Project | Paper | YouTube | Dataset

Pytorch implementation of SPIn-NeRF. SPIn-NeRF leverages 2D priors from image inpainters, and enables view-consistent inpainting of NeRFs.


Quick Start

Dependencies

After installing Pytorch according to your CUDA version, install the rest of the dependencies:

pip install -r requirements.txt

Also, install LaMa dependencies with the following:

pip install -r lama/requirements.txt

You will also need COLMAP installed to compute poses if you want to run on your data.

Dataset preparation

Download the zip files of the dataset from here. Extract them under /data. Here, we provide information for running the statue scene. For other scenes, a similar approach with potentially different factor can be done.

Extract statue.zip under /data. This can be done with unzip statue.zip -d data. You might need to install unzip with sudo apt-get install unzip.

If you want to use your own data, make sure that you put your data in a folder under data with the following format (Note that labels under statue/images_2/label are 1 where we need inpainting, and 0 otherwise):

statue
├── images
│   ├── IMG_2707.jpg
│   ├── IMG_2708.jpg
│   ├── ...
│   └── IMG_2736.jpg
└── images_2
    ├── IMG_2707.png
    ├── IMG_2708.png
    ├── ...
    ├── IMG_2736.png
    └── label
        ├── IMG_2707.png
        ├── IMG_2708.png
        ├── ...
        └── IMG_2736.png

where in this example, we want to use --factor 2 for the images to use 2x downsized images for the fitting, thus we have put 2x downsized images under images_2. If your original images are larger, put the original images under images, and the Nx downsized images under images_N, where N is chosen based on your GPU availabitlity. Also, make sure to obtain camera parameters using COLMAP. This can be done with the following command:

python imgs2poses.py <your_datadir>

For example, for the sample statue dataset, the camera parameters can be obtained as python imgs2poses.py data/statue. Note that for this specific dataset, we have already provided the camera parameters and you can skip running COLMAP.
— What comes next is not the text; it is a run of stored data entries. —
lemma exchange_step:
  assumes hom: "homog_xy d p"
    and l: "l1 < k" "l2 < k" "l1 \<noteq> l2"
    and room: "v l1 < d" and unit: "1 \<le> v l2" and bounded: "\<forall>l<k. v l \<le> d"
  shows "\<exists>c. (\<Prod>l<k. (Delta ^^ v l) p)
              - c * (\<Prod>l<k. (Delta ^^ (v(l1 := Suc (v l1), l2 := v l2 - 1)) l) p)
            \<in> ideal_gen (Bpow_w k d p)"
proof -
  define v' where "v' = v(l1 := Suc (v l1), l2 := v l2 - 1)"
  define a where "a = v l1"
  define b where "b = v l2 - 1"
  define S where "S = {..<k} - {l1, l2}"
  define R where "R = (\<Prod>l\<in>S. (Delta ^^ v l) p)"
  have "v l2 = Suc b" using unit by (simp add: b_def)
  have "(\<Prod>l<k. (Delta ^^ v l) p) = (Delta ^^ v l1) p * (Delta ^^ v l2) p * R"
    using prod_split_two[of "{..<k}" l1 l2] l by (simp add: R_def S_def)
  then have Pv: "(\<Prod>l<k. (Delta ^^ v l) p) = (Delta ^^ a) p * (Delta ^^ Suc b) p * R"
    by (simp only: a_def \<open>v l2 = Suc b\<close>)
  have "(\<Prod>l\<in>S. (Delta ^^ v' l) p) = R"
    unfolding R_def by (rule prod.cong) (auto simp: v'_def S_def)
  then have "(\<Prod>l<k. (Delta ^^ v' l) p) = (Delta ^^ v' l1) p * (Delta ^^ v' l2) p * R"
    using prod_split_two[of "{..<k}" l1 l2 "\<lambda>l. (Delta ^^ v' l) p"] l by (simp add: S_def)
  moreover have "v' l1 = Suc a" "v' l2 = b" using l by (simp_all add: v'_def a_def b_def)
  ultimately have Pv': "(\<Prod>l<k. (Delta ^^ v' l) p) = (Delta ^^ Suc a) p * (Delta ^^ b) p * R"
    by (simp only:)
  obtain h where h: "defect d p a b = wdet ^ 2 * h"
    using wdet_sq_dvd_defect[OF hom] by blast
  have R_generator: "wdet ^ 2 * R \<in> Bpow_w k d p"
    unfolding R_def S_def using l bounded
    by (intro wdet_sq_prod_in_Bpow_w) (auto simp: card_Diff_subset)
  define \<gamma> :: complex where "\<gamma> = of_nat d - of_nat a"
  have "\<gamma> \<noteq> 0" using room by (simp add: \<gamma>_def a_def)
  then have inverse: "const_poly (1 / \<gamma>) * const_poly \<gamma> = 1"
    by (simp add: mult_single)
  have "defect d p a b * R
      = const_poly \<gamma> * (\<Prod>l<k. (Delta ^^ v l) p)
      - const_poly (of_nat d - of_nat b) * (\<Prod>l<k. (Delta ^^ v' l) p)"
    unfolding Pv Pv' defect_def \<gamma>_def by (simp only: left_diff_distrib mult.assoc)
  then have "const_poly (1 / \<gamma>) * (defect d p a b * R) = (\<Prod>l<k. (Delta ^^ v l) p)
      - (const_poly (1 / \<gamma>) * const_poly (of_nat d - of_nat b)) * (\<Prod>l<k. (Delta ^^ v' l) p)"
    by (simp only: right_diff_distrib mult.assoc[symmetric] inverse mult_1_left)
  moreover have "const_poly (1 / \<gamma>) * (defect d p a b * R)
      = const_poly (1 / \<gamma>) * h * (wdet ^ 2 * R)"
    by (simp add: h mult_ac)
  moreover have "const_poly (1 / \<gamma>) * h * (wdet ^ 2 * R) \<in> ideal_gen (Bpow_w k d p)"
    by (intro ideal_gen_mult ideal_gen_base R_generator)
  ultimately show ?thesis unfolding v'_def by metis
qed

section \<open>Connecting exponent vectors with equal sums\<close>

lemma same_sum_differ:
  fixes v i :: "'a \<Rightarrow> 'b::{ordered_cancel_comm_monoid_add, linorder}"
  assumes "finite A" and sums: "sum v A = sum i A" and "\<exists>l\<in>A. v l \<noteq> i l"
  shows "\<exists>l\<in>A. v l < i l" and "\<exists>l\<in>A. i l < v l"
proof -
  have bigger: "\<exists>l\<in>A. g l < f l"
    if "sum f A = sum g A" "\<exists>l\<in>A. f l \<noteq> g l" for f g :: "'a \<Rightarrow> 'b"
  proof (rule ccontr)
    assume "\<not> (\<exists>l\<in>A. g l < f l)"
    then have le: "\<forall>l\<in>A. f l \<le> g l" by (auto simp: not_less)
    with that(2) have "\<exists>l\<in>A. f l < g l" by (auto simp: order_less_le)
    with le have "sum f A < sum g A" by (intro sum_strict_mono_ex1 \<open>finite A\<close>)
    with that(1) show False by simp
  qed
  show "\<exists>l\<in>A. v l < i l" using bigger[of i v] assms by (metis sums)
  show "\<exists>l\<in>A. i l < v l" using bigger[of v i] assms by metis
qed

lemma polar_product_in_ideal:
  assumes hom: "homog_xy d p" and i_bounded: "\<forall>l<k. i l \<le> d"
  shows "(\<forall>l<k. v l \<le> d) \<Longrightarrow> (\<Sum>l<k. v l) = (\<Sum>l<k. i l) \<Longrightarrow>
    (\<Prod>l<k. (Delta ^^ v l) p) \<in> ideal_gen ({\<Prod>l<k. (Delta ^^ i l) p} \<union> Bpow_w k d p)"
proof (induction "\<Sum>l<k. v l - i l" arbitrary: v rule: less_induct)
  case (less v)
  let ?I = "ideal_gen ({\<Prod>l<k. (Delta ^^ i l) p} \<union> Bpow_w k d p)"
  show ?case
  proof (cases "\<forall>l<k. v l = i l")
    case True
    then have "(\<Prod>l<k. (Delta ^^ v l) p) = (\<Prod>l<k. (Delta ^^ i l) p)" by simp
    then show ?thesis by (simp add: ideal_gen_base)
  next
    case False
    then obtain l1 l2 where l1: "l1 < k" "v l1 < i l1" and l2: "l2 < k" "i l2 < v l2"
      using same_sum_differ[of "{..<k}" v i] less.prems(2) by auto
    then have distinct: "l1 \<noteq> l2" by auto
    define v' where "v' = v(l1 := Suc (v l1), l2 := v l2 - 1)"
    have v'_bounded: "\<forall>l<k. v' l \<le> d"
      using less.prems(1) i_bounded l1 l2 by (auto simp: v'_def)
    have "(\<Sum>l<k. v' l) = (\<Sum>l<k. v l)"
      using l1 l2 distinct
      by (simp add: v'_def sum.remove[of "{..<k}" l1] sum.remove[of "{..<k} - {l1}" l2])
    then have v'_sum: "(\<Sum>l<k. v' l) = (\<Sum>l<k. i l)" using less.prems(2) by simp
    have "(\<Sum>l<k. v' l - i l) < (\<Sum>l<k. v l - i l)"
      using l1 l2 distinct by (intro sum_strict_mono_ex1) (auto simp: v'_def)
    then have v'_in: "(\<Prod>l<k. (Delta ^^ v' l) p) \<in> ?I"
      using less.hyps v'_bounded v'_sum by blast
    obtain c where "(\<Prod>l<k. (Delta ^^ v l) p) - c * (\<Prod>l<k. (Delta ^^ v' l) p)
        \<in> ideal_gen (Bpow_w k d p)"
      using exchange_step[OF hom l1(1) l2(1) distinct _ _ less.prems(1)] l1 l2 i_bounded
      unfolding v'_def by fastforce
    then have "((\<Prod>l<k. (Delta ^^ v l) p) - c * (\<Prod>l<k. (Delta ^^ v' l) p))
        + c * (\<Prod>l<k. (Delta ^^ v' l) p) \<in> ?I"
      by (intro ideal_gen_add ideal_gen_mult v'_in) (auto intro: ideal_gen_mono)
    then show ?thesis by simp
  qed
qed

theorem lemma3p16:
  fixes k d :: nat and p :: mpoly and i j :: "nat \<Rightarrow> nat"
  assumes "k \<ge> 1"
    and "homog_xy d p"
    and "\<forall>l<k. i l \<le> d" and "\<forall>l<k. j l \<le> d"
    and "(\<Sum>l<k. i l) = (\<Sum>l<k. j l)"
  shows "(\<Prod>l<k. (Delta ^^ j l) p)
           \<in> ideal_gen ({\<Prod>l<k. (Delta ^^ i l) p} \<union> Bpow_w k d p)"
  using polar_product_in_ideal[OF assms(2,3)] assms(4,5) by simp

end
Running an initial NeRF for getting the depths

First, use the following command to render disparities from the training views. This can be done with the following:

rm -r LaMa_test_images/*
rm -r output/label/*
python DS_NeRF/run_nerf.py --config DS_NeRF/configs/config.txt --render_factor 1 --prepare --i_weight 1000000000 --i_video 1000000000 --i_feat 4000 --N_iters 4001 --expname statue --datadir ./data/statue --factor 2 --N_gt 0

After this, rendered disparities (inverse depths) are ready at lama/LaMa_test_images, with their corresponding labels at lama/LaMa_test_images/label.

Running LaMa to generate geometry and appearance guidance

First, let's run LaMa to generate depth priors:

cd lama

Now, make sure to follow the LaMa instructions for downloading the big-lama model.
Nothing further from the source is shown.